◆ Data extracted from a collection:
#####
(* In the setting of the lemma on the linear representation of the forward difference (i.e. $\alpha,\beta>0$, $g(n)=\sum_{i=0}^kc_in^i$ with $c_k\ne0$, and $A_0,A_1\in\mathbb{C}^{(k+2)\times(k+2)}$ the upper triangular matrices defined there), assume $k\ge1$ and let $C=A_0+A_1$. Then the joint spectral radius of $\{A_0,A_1\}$ equals $\max\{\alpha,\beta,2^{k-1}\}$, and the set of eigenvalues of $C$ is $\{\alpha+\beta,2^k,2^{k-1},\dots,2,1\}$. If $\max\{\alpha,\beta\}\ne2^{k-1}$, then $\{A_0,A_1\}$ has the simple growth property.
   Context: Here, with $d_0=(1-\beta)x(1)-g(1)+g(0)$, $d_1=g(1)-(1-\beta)x(1)$, $b_{0j}=\sum_{i=j+1}^k\binom ij2^jc_i$, $b_{1j}=\sum_{i=j+1}^k\binom ij(2^i-2^j)c_i$, $a_{0ij}=[j=i]2^i$, $a_{1ij}=\binom ij2^j$ ($0\le i,j<k$), $b_r=(b_{r(k-1)},\dots,b_{r0})$, $\widetilde A_r=(a_{rij})_{i,j=k-1,\dots,0}$, $\mu_0=\beta$, $\mu_1=\alpha$, one has $A_r=\begin{pmatrix}\mu_r&b_r&d_r\\0&\widetilde A_r&0\\0&0&[r=0]\end{pmatrix}$ for $r\in\{0,1\}$. Joint spectral radius of a finite set $G$ of square matrices: $\rho(G)=\lim_{k\to\infty}\sup\{\|G_1\cdots G_k\|^{1/k}:G_i\in G\}$ for an induced norm. $G$ has the simple growth property if $\|G_1\cdots G_k\|=O(\rho(G)^k)$ uniformly for $G_i\in G$ as $k\to\infty$. $[S]$ is the Iverson bracket. *)

theory Defs
  imports Complex_Main "Jordan_Normal_Form.Spectral_Radius"
begin

definition inf_norm :: "complex mat \<Rightarrow> real" where
  "inf_norm A = Max (insert 0 ((\<lambda>i. \<Sum>j<dim_col A. cmod (A $$ (i, j))) ` {..<dim_row A}))"

definition mat_list_prod :: "nat \<Rightarrow> complex mat list \<Rightarrow> complex mat" where
  "mat_list_prod d Gs = foldr (\<lambda>A B. A * B) Gs (1\<^sub>m d)"

definition jsr_seq :: "nat \<Rightarrow> complex mat set \<Rightarrow> nat \<Rightarrow> real" where
  "jsr_seq d G n = (SUP Gs \<in> {Gs. set Gs \<subseteq> G \<and> length Gs = n}. inf_norm (mat_list_prod d Gs) powr (1 / real n))"
lemma DeltaL_permute_rows:
  assumes "generic y" "distinct ks" "distinct is" "length ks = length is"
    and "mset ks' = mset ks"
  shows "DeltaL y g is ks' = DeltaL y g is ks"
proof -
  obtain p where p: "p permutes {..<length ks}" and ks': "ks' = permute_list p ks"
    using mset_eq_permutation[OF assms(5)] by metis
  have "length (coeffL y is ks) = length ks"
    using is_coeffL_coeffL[OF assms(1-4)] by (simp add: is_coeffL_def)
  then show ?thesis
    using sum_permute_list_nth[OF p, where F = "\<lambda>c k. c * g k"]
    by (simp add: DeltaL_def ks' coeffL_permute_rows[OF assms(1-4) p])
qed

lemma DeltaL_permute_init_columns:
  assumes "generic y" "distinct ks" "distinct is"
    and "length ks = Suc m" "length is = Suc m" "length is' = Suc m"
    and "mset (take m is') = mset (take m is)" "is' ! m = is ! m"
  shows "DeltaL y g is' ks = DeltaL y g is ks"
  by (simp add: DeltaL_def coeffL_permute_init_columns[OF assms])

theorem mainTheorem4:
  fixes y :: "nat \<Rightarrow> nat \<Rightarrow> 'a::division_ring" and f g :: "nat \<Rightarrow> 'a"
    and m :: nat and "is" ks :: "nat list"
  assumes gen: "generic y"
    and len_is: "length is = Suc m" and len_ks: "length ks = Suc m"
    and dist_is: "distinct is" and dist_ks: "distinct ks"
  shows "(\<forall>is'. mset is' = mset is \<longrightarrow> DeltaR y f is' ks = DeltaR y f is ks)
       \<and> (\<forall>ks'. length ks' = Suc m \<longrightarrow> mset (take m ks') = mset (take m ks) \<longrightarrow> ks' ! m = ks ! m
              \<longrightarrow> DeltaR y f is ks' = DeltaR y f is ks)
       \<and> (\<forall>ks'. mset ks' = mset ks \<longrightarrow> DeltaL y g is ks' = DeltaL y g is ks)
       \<and> (\<forall>is'. length is' = Suc m \<longrightarrow> mset (take m is') = mset (take m is) \<longrightarrow> is' ! m = is ! m
              \<longrightarrow> DeltaL y g is' ks = DeltaL y g is ks)"
proof -
  have len: "length ks = length is" using len_is len_ks by simp
  show ?thesis
    using DeltaR_permute_columns[OF gen dist_ks dist_is len]
      DeltaR_permute_init_rows[OF gen dist_ks dist_is len_is len_ks]
      DeltaL_permute_rows[OF gen dist_ks dist_is len]
      DeltaL_permute_init_columns[OF gen dist_ks dist_is len_ks len_is]
    by blast
qed

end
(* Let $L$ be a $\kappa$-frame and $I$ a $\kappa$-ideal of $L$. Among the congruences $D\in\mathbb{C}L$ with $\nabla_I\le D$ and $c\ell(D)\le\nabla_I$ there is a largest one, denoted $\partial_I$; it is the congruence corresponding to $\mathfrak{D}_{L/\nabla_I}$ under the correspondence between $\mathbb{C}(L/\nabla_I)$ and congruences on $L$ containing $\nabla_I$, and \[\partial_I=\{(a,b)\in L\times L\mid \text{for all } x\in L:\ a\wedge x\in I \iff b\wedge x\in I\}.\]
   Context: $\kappa$ is a fixed regular cardinal; a $\kappa$-frame is a bounded distributive lattice having joins of all subsets of cardinality $<\kappa$ and satisfying the frame distributive law for such joins. A $\kappa$-ideal is a downset in which every subset of cardinality $<\kappa$ has an upper bound. A congruence is an equivalence relation which is a sub-$\kappa$-frame of $L\times L$; $\mathbb{C}L$ is the frame of congruences under inclusion. $\nabla_a=\{(x,y)\mid x\vee a=y\vee a\}$, $\nabla_I=\bigvee_{a\in I}\nabla_a$. A congruence is closed if it is a join of congruences $\nabla_a$; $c\ell(C)$ is the largest closed congruence contained in $C$. For any $\kappa$-frame $M$, $\mathfrak{D}_M=\{(a,b)\mid \forall x\in M:\ a\wedge x=0\iff b\wedge x=0\}$, which is the largest congruence $D$ on $M$ with $c\ell(D)$ equal to the trivial (diagonal) congruence (Madden). *)

theory Defs
  imports Main
begin

text \<open>Cardinals are represented by well-order relations (BNF cardinals of Main).
  A set S is small (of cardinality below kappa) iff |S| <o kappa.\<close>

definition small :: "'k rel \<Rightarrow> 'a set \<Rightarrow> bool" where
  "small \<kappa> S \<longleftrightarrow> (card_of S, \<kappa>) \<in> ordLess"

definition regular_cardinal :: "'k rel \<Rightarrow> bool" where
  "regular_cardinal \<kappa> \<longleftrightarrow> Cinfinite \<kappa> \<and> regularCard \<kappa>"

definition is_lub :: "'a::order set \<Rightarrow> 'a \<Rightarrow> bool" where
  "is_lub S u \<longleftrightarrow> (\<forall>s\<in>S. s \<le> u) \<and> (\<forall>v. (\<forall>s\<in>S. s \<le> v) \<longrightarrow> u \<le> v)"

definition kJoin :: "'a::order set \<Rightarrow> 'a" where
  "kJoin S = (THE u. is_lub S u)"

definition kframe :: "'k rel \<Rightarrow> ('a::{distrib_lattice,bounded_lattice}) itself \<Rightarrow> bool" where
  "kframe \<kappa> T \<longleftrightarrow>
     (\<forall>S::'a set. small \<kappa> S \<longrightarrow> (\<exists>u. is_lub S u)) \<and>
     (\<forall>(S::'a set) x u. small \<kappa> S \<longrightarrow> is_lub S u \<longrightarrow> is_lub ((\<lambda>s. inf x s) ` S) (inf x u))"

definition kideal :: "'k rel \<Rightarrow> 'a::{distrib_lattice,bounded_lattice} set \<Rightarrow> bool" where
  "kideal \<kappa> I \<longleftrightarrow>
     (\<forall>a\<in>I. \<forall>b. b \<le> a \<longrightarrow> b \<in> I) \<and>
     (\<forall>S. S \<subseteq> I \<longrightarrow> small \<kappa> S \<longrightarrow> (\<exists>u\<in>I. \<forall>s\<in>S. s \<le> u))"

definition kcong :: "'k rel \<Rightarrow> ('a::{distrib_lattice,bounded_lattice}) rel \<Rightarrow> bool" where
  "kcong \<kappa> C \<longleftrightarrow> equiv UNIV C \<and>
     (\<forall>a b c d. (a,b) \<in> C \<longrightarrow> (c,d) \<in> C \<longrightarrow> (inf a c, inf b d) \<in> C) \<and>
     (\<forall>S. S \<subseteq> C \<longrightarrow> small \<kappa> S \<longrightarrow> (kJoin (fst ` S), kJoin (snd ` S)) \<in> C)"

definition congJoin :: "'k rel \<Rightarrow> ('a::{distrib_lattice,bounded_lattice}) rel set \<Rightarrow> 'a rel" where
  "congJoin \<kappa> F = \<Inter>{C. kcong \<kappa> C \<and> \<Union>F \<subseteq> C}"

definition nabla :: "'a::{distrib_lattice,bounded_lattice} \<Rightarrow> 'a rel" where
  "nabla a = {(x,y). sup x a = sup y a}"

definition nablaI :: "'k rel \<Rightarrow> 'a::{distrib_lattice,bounded_lattice} set \<Rightarrow> 'a rel" where
  "nablaI \<kappa> I = congJoin \<kappa> (nabla ` I)"

definition closed_cong :: "'k rel \<Rightarrow> ('a::{distrib_lattice,bounded_lattice}) rel \<Rightarrow> bool" where
  "closed_cong \<kappa> C \<longleftrightarrow> kcong \<kappa> C \<and> (\<exists>A. C = congJoin \<kappa> (nabla ` A))"

definition cl :: "'k rel \<Rightarrow> ('a::{distrib_lattice,bounded_lattice}) rel \<Rightarrow> 'a rel" where
  "cl \<kappa> C = (GREATEST D. closed_cong \<kappa> D \<and> D \<subseteq> C)"

definition madden :: "'b set \<Rightarrow> ('b \<Rightarrow> 'b \<Rightarrow> 'b) \<Rightarrow> 'b \<Rightarrow> 'b rel" where
  "madden M meet z = {(a,b). a \<in> M \<and> b \<in> M \<and> (\<forall>x\<in>M. meet a x = z \<longleftrightarrow> meet b x = z)}"

text \<open>The quotient kappa-frame L/C: carrier UNIV // C, operations induced on classes.\<close>

definition qmeet :: "('a::{distrib_lattice,bounded_lattice}) rel \<Rightarrow> 'a set \<Rightarrow> 'a set \<Rightarrow> 'a set" where
  "qmeet C X Y = C `` {inf (SOME a. a \<in> X) (SOME b. b \<in> Y)}"

definition qbot :: "('a::{distrib_lattice,bounded_lattice}) rel \<Rightarrow> 'a set" where
  "qbot C = C `` {bot}"

text \<open>Correspondence between congruences on L/C and congruences on L containing C.\<close>

definition pullback_cong :: "'a rel \<Rightarrow> 'a set rel \<Rightarrow> 'a rel" where
  "pullback_cong C E = {(a,b). (C `` {a}, C `` {b}) \<in> E}"

end

theory Submission
  imports Defs
begin

text \<open>Concretely, \<open>\<nabla>\<^sub>I\<close> relates \<open>x, y\<close> iff \<open>x \<squnion> a = y \<squnion> a\<close> for some \<open>a \<in> I\<close>, so its bottom class is
  \<open>I\<close>. For any congruence \<open>D\<close> one has \<open>(c, \<bottom>) \<in> D\<close> iff \<open>\<nabla>\<^sub>c \<subseteq> D\<close>, hence \<open>cl(D)\<close> has the same
  bottom class as \<open>D\<close>. So if \<open>\<nabla>\<^sub>I \<subseteq> D\<close> and \<open>cl(D) \<subseteq> \<nabla>\<^sub>I\<close>, the bottom class of \<open>D\<close> is \<open>I\<close>, and
  \<open>(a, b) \<in> D\<close> gives \<open>(a \<sqinter> x, b \<sqinter> x) \<in> D\<close>, whence \<open>a \<sqinter> x \<in> I \<longleftrightarrow> b \<sqinter> x \<in> I\<close>: \<open>D \<subseteq> \<partial>\<^sub>I\<close>.
  Conversely \<open>\<partial>\<^sub>I\<close> is a congruence (a small join meets \<open>x\<close> inside \<open>I\<close> iff each joinand does,
  by distributivity and the boundedness of small subsets of \<open>I\<close>) with bottom class \<open>I\<close>.
  In the quotient \<open>L/\<nabla>\<^sub>I\<close> the zero is the class \<open>I\<close>, so Madden's condition pulls back to the
  defining condition of \<open>\<partial>\<^sub>I\<close>.\<close>

lemma small_finite: "regular_cardinal \<kappa> \<Longrightarrow> finite S \<Longrightarrow> small \<kappa> S"
  unfolding regular_cardinal_def small_def
  by (metis Cfinite_ordLess_Cinfinite Field_card_of card_of_Card_order cfinite_def)

lemma small_image: "small \<kappa> S \<Longrightarrow> small \<kappa> (f ` S)"
  unfolding small_def using card_of_image ordLeq_ordLess_trans by blast

lemma is_lub_unique: "is_lub S u \<Longrightarrow> is_lub S v \<Longrightarrow> u = v"
  unfolding is_lub_def by (meson order_antisym)

lemma kJoin_eqI: "is_lub S u \<Longrightarrow> kJoin S = u"
  unfolding kJoin_def using is_lub_unique by (metis theI)

lemma kJoin_pair: "kJoin {a, b} = sup a (b::'a::lattice)"
  by (rule kJoin_eqI) (auto simp: is_lub_def)

lemma lub_le_sup_if_sup_eq:
  assumes "is_lub (X ` S) l" "is_lub (Y ` S) r" "\<And>s. s \<in> S \<Longrightarrow> sup (X s) u = sup (Y s) u"
  shows "l \<le> sup (r::'a::lattice) u"
proof -
  have "X s \<le> sup r u" if "s \<in> S" for s
  proof -
    have "Y s \<le> r" using assms(2) that unfolding is_lub_def by blast
    have "X s \<le> sup (X s) u" by simp
    also have "\<dots> = sup (Y s) u" by (rule assms(3)[OF that])
    also have "\<dots> \<le> sup r u" using \<open>Y s \<le> r\<close> by (rule sup_mono) simp
    finally show ?thesis .
  qed
  then show ?thesis using assms(1) unfolding is_lub_def by blast
qed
#####
◆ Task: Within the data above, find the lines that contain the word "wedge" and copy each of them.

◆ Response area:
(* Let $L$ be a $\kappa$-frame and $I$ a $\kappa$-ideal of $L$. Among the congruences $D\in\mathbb{C}L$ with $\nabla_I\le D$ and $c\ell(D)\le\nabla_I$ there is a largest one, denoted $\partial_I$; it is the congruence corresponding to $\mathfrak{D}_{L/\nabla_I}$ under the correspondence between $\mathbb{C}(L/\nabla_I)$ and congruences on $L$ containing $\nabla_I$, and \[\partial_I=\{(a,b)\in L\times L\mid \text{for all } x\in L:\ a\wedge x\in I \iff b\wedge x\in I\}.\]
   Context: $\kappa$ is a fixed regular cardinal; a $\kappa$-frame is a bounded distributive lattice having joins of all subsets of cardinality $<\kappa$ and satisfying the frame distributive law for such joins. A $\kappa$-ideal is a downset in which every subset of cardinality $<\kappa$ has an upper bound. A congruence is an equivalence relation which is a sub-$\kappa$-frame of $L\times L$; $\mathbb{C}L$ is the frame of congruences under inclusion. $\nabla_a=\{(x,y)\mid x\vee a=y\vee a\}$, $\nabla_I=\bigvee_{a\in I}\nabla_a$. A congruence is closed if it is a join of congruences $\nabla_a$; $c\ell(C)$ is the largest closed congruence contained in $C$. For any $\kappa$-frame $M$, $\mathfrak{D}_M=\{(a,b)\mid \forall x\in M:\ a\wedge x=0\iff b\wedge x=0\}$, which is the largest congruence $D$ on $M$ with $c\ell(D)$ equal to the trivial (diagonal) congruence (Madden). *)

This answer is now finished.